A (non-exhaustive) list of the sorts of transformations Tsickle applies:

- inserts Closure-compatible JSDoc annotations on functions/classes/etc
- converts ES6 modules into `goog.module` modules
- generates externs.js from TypeScript d.ts (and `declare`, see below)
- declares types for class member variables
- translates `export * from ...` into a form Closure accepts
- converts TypeScript enums into a form Closure accepts
- reprocesses all jsdoc to strip Closure-invalid tags

In general the goal is that you write valid TypeScript and Tsickle handles
making it valid Closure Compiler code.

## Warning: unsupported

Google uses tsickle internally to minify its apps (including those using
Angular) using Closure Compiler.
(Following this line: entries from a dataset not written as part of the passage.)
(* Let $p\in\mathbb N$ and let $u_j(t)$, $j\in\mathbb Z$, be a solution (on an interval containing $t=0$) of the lattice $$u'_j=u_j(u_{j+p}+\cdots+u_{j+1}-u_{j-1}-\cdots-u_{j-p})$$ satisfying the boundary conditions $u_j=0$ for $j\le 0$ and such that $u_j\ne 0$ for $j>0$. Then it admits the representation $$u_1=f'_1/f_1,\qquad u_j=f'_j/f_j-f'_{j-1}/f_{j-1},\quad j>1,$$ where the functions $f_j$, $j\ge -p$, satisfy the bilinear lattice equation $$f_{j-1}f'_j-f'_{j-1}f_j=f_{j-p-1}f_{j+p},\qquad j=1,2,\dots,$$ with $f_{-p}=\dots=f_0=1$ and $f_1(0)=\dots=f_p(0)=1$.
   Context: $f'=df/dt$. *)

theory Defs
  imports "HOL-Analysis.Analysis"
begin

end

theory Submission
  imports Defs
begin

(* With the partial sums U_j = u_1 + ... + u_j (so U_j = 0 for j <= 0) the lattice reads
   u_j'/u_j = U_{j+p} - U_{j-1} - U_j + U_{j-p-1}.  If the f_j have logarithmic derivatives
   f_j'/f_j = U_j, then u_j = U_j - U_{j-1} is the claimed representation, and the bilinear
   equation becomes f_{j+p} f_{j-p-1} = f_{j-1} f_j u_j.  So take f_j = 1 for j <= 0,
   f_j = exp (integral of U_j from 0) for 1 <= j <= p, and use the bilinear equation as a
   recursion for j > p: by the lattice equation the logarithmic derivatives on its right-hand
   side add up to U_{j+p}, so f'/f = U propagates by strong induction. *)

lemma open_interval_eq_einterval:
  fixes I :: "real set"
  assumes "open I" "is_interval I"
  shows "I = einterval (Inf (ereal ` I)) (Sup (ereal ` I))"
proof (intro set_eqI iffI)
  fix x assume "x \<in> I"
  then obtain e where e: "e > 0" "ball x e \<subseteq> I"
    using assms(1) open_contains_ball by blast
  then have "x - e/2 \<in> I" "x + e/2 \<in> I"
    by (auto simp: dist_real_def subset_iff)
  then have "Inf (ereal ` I) \<le> ereal (x - e/2)" "ereal (x + e/2) \<le> Sup (ereal ` I)"
    by (auto intro: Inf_lower Sup_upper)
  moreover have "ereal (x - e/2) < ereal x" "ereal x < ereal (x + e/2)"
    using e by auto
  ultimately show "x \<in> einterval (Inf (ereal ` I)) (Sup (ereal ` I))"
    unfolding einterval_iff by (meson order_le_less_trans order_less_le_trans)
next
  fix x assume "x \<in> einterval (Inf (ereal ` I)) (Sup (ereal ` I))"
  then obtain y z where "y \<in> I" "z \<in> I" "y < x" "x < z"
    by (auto simp: einterval_iff Inf_less_iff less_Sup_iff)
  then show "x \<in> I"
    using assms(2) unfolding is_interval_1 by (meson less_imp_le)
qed

lemma antiderivative_open_interval:
  fixes I :: "real set" and g :: "real \<Rightarrow> real"
  assumes "open I" "is_interval I" "a \<in> I" "\<And>x. x \<in> I \<Longrightarrow> isCont g x"
  obtains G where "G a = 0" "\<And>x. x \<in> I \<Longrightarrow> (G has_real_derivative g x) (at x)"
proof -
  define l r where "l = Inf (ereal ` I)" and "r = Sup (ereal ` I)"
  have I_eq: "x \<in> I \<longleftrightarrow> l < ereal x \<and> ereal x < r" for x
    using open_interval_eq_einterval[OF assms(1,2)] unfolding l_def r_def
    by (metis einterval_iff)
  have "l < r"
    using assms(3) I_eq by (meson order_less_trans)
  then obtain G where G: "\<And>x. l < ereal x \<Longrightarrow> ereal x < r \<Longrightarrow> (G has_vector_derivative g x) (at x)"
    using einterval_antiderivative[of l r g] assms(4) I_eq by metis
  show ?thesis
  proof
    fix x assume "x \<in> I"
    then show "((\<lambda>x. G x - G a) has_real_derivative g x) (at x)"
      using G I_eq by (auto intro!: derivative_eq_intros simp: has_real_derivative_iff_has_vector_derivative)
  qed simp
qed

lemma exists_exp_antiderivatives:
  fixes I :: "real set" and U :: "'i \<Rightarrow> real \<Rightarrow> real"
  assumes "open I" "is_interval I" "0 \<in> I" "\<And>i x. x \<in> I \<Longrightarrow> isCont (U i) x"
  obtains g where "\<And>i. g i 0 = 1" "\<And>i x. g i x \<noteq> 0"
    and "\<And>i x. x \<in> I \<Longrightarrow> (g i has_real_derivative U i x * g i x) (at x)"
proof -
  have "\<exists>G. G 0 = 0 \<and> (\<forall>x\<in>I. (G has_real_derivative U i x) (at x))" for i
    by (rule antiderivative_open_interval[OF assms(1-3), of "U i"]) (auto intro: assms(4))
  then obtain G where "\<And>i. G i 0 = 0" "\<And>i x. x \<in> I \<Longrightarrow> (G i has_real_derivative U i x) (at x)"
    by metis
  then show ?thesis
    by (intro that[of "\<lambda>i x. exp (G i x)"]) (auto intro!: derivative_eq_intros simp: mult.commute)
qed

definition partial_sum :: "(int \<Rightarrow> 'a::comm_monoid_add) \<Rightarrow> int \<Rightarrow> 'a" where
  "partial_sum u i = (\<Sum>k=1..i. u k)"

lemma sum_int_atLeastAtMost_Suc:
  "(\<Sum>k=1..int (Suc m). g k) = (\<Sum>k=1..int m. g k) + (g (int m + 1) :: 'a::comm_monoid_add)"
proof -
  have "{1..int (Suc m)} = insert (int m + 1) {1..int m}" by auto
  then show ?thesis by (simp add: add.commute)
qed

lemma partial_sum_diff:
  fixes u :: "int \<Rightarrow> 'a::ab_group_add"
  assumes "\<And>k. k \<le> 0 \<Longrightarrow> u k = 0"
  shows "partial_sum u i - partial_sum u (i - 1) = u i"
proof (cases "i \<ge> 1")
  case True
  then have "{1..i} = insert i {1..i - 1}" by auto
  then show ?thesis by (simp add: partial_sum_def)
next
  case False
  then show ?thesis using assms by (simp add: partial_sum_def)
qed

lemma sum_upper_neighbours_eq_partial_sum:
  fixes u :: "int \<Rightarrow> 'a::ab_group_add"
  assumes "\<And>k. k \<le> 0 \<Longrightarrow> u k = 0"
  shows "(\<Sum>k=1..int m. u (j + k)) = partial_sum u (j + int m) - partial_sum u j"
proof (induction m)
  case (Suc m)
  then show ?case
    unfolding sum_int_atLeastAtMost_Suc
    using partial_sum_diff[of u "j + int m + 1", OF assms] by (simp add: algebra_simps)
qed simp

lemma sum_lower_neighbours_eq_partial_sum:
  fixes u :: "int \<Rightarrow> 'a::ab_group_add"
  assumes "\<And>k. k \<le> 0 \<Longrightarrow> u k = 0"
  shows "(\<Sum>k=1..int m. u (j - k)) = partial_sum u (j - 1) - partial_sum u (j - int m - 1)"
proof (induction m)
  case (Suc m)
  then show ?case
    unfolding sum_int_atLeastAtMost_Suc
    using partial_sum_diff[of u "j - int m - 1", OF assms] by (simp add: algebra_simps)
qed simp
We have little experience using tsickle in the
other JavaScript ecosystems that are seen outside of Google, and there is
generally no support for using it from our side.

## Usage

Tsickle is a library, designed to be used by a larger program that interacts
with TypeScript and the Closure compiler.

Some known clients are:

1. Within Google we use tsickle inside the [Bazel build
system](https://bazel.build/). That code is published as
open source as part of [Bazel's nodejs/TypeScript
build rules](https://bazelbuild.github.io/rules_nodejs/).
1. [tscc](https://github.com/theseanl/tscc) wraps tsickle and
closure compiler, and interops with rollup.
1. We publish a simple demo program in the `demo/` subdirectory.

## Design details

### Output format

Tsickle is designed to do whatever is necessary to make the code acceptable by
Closure compiler. We view its output as a necessary intermediate form for
communicating to the Closure compiler, and not something for humans. This means
the tsickle output may be kind of ugly to read. Its only real use is to pass it
on to the compiler.

For one example, the syntax of types tsickle produces are specific to Closure.
The type `{!Foo}` means "Foo, excluding null" and a type alias becomes a `var`
statement that is tagged with `@typedef`.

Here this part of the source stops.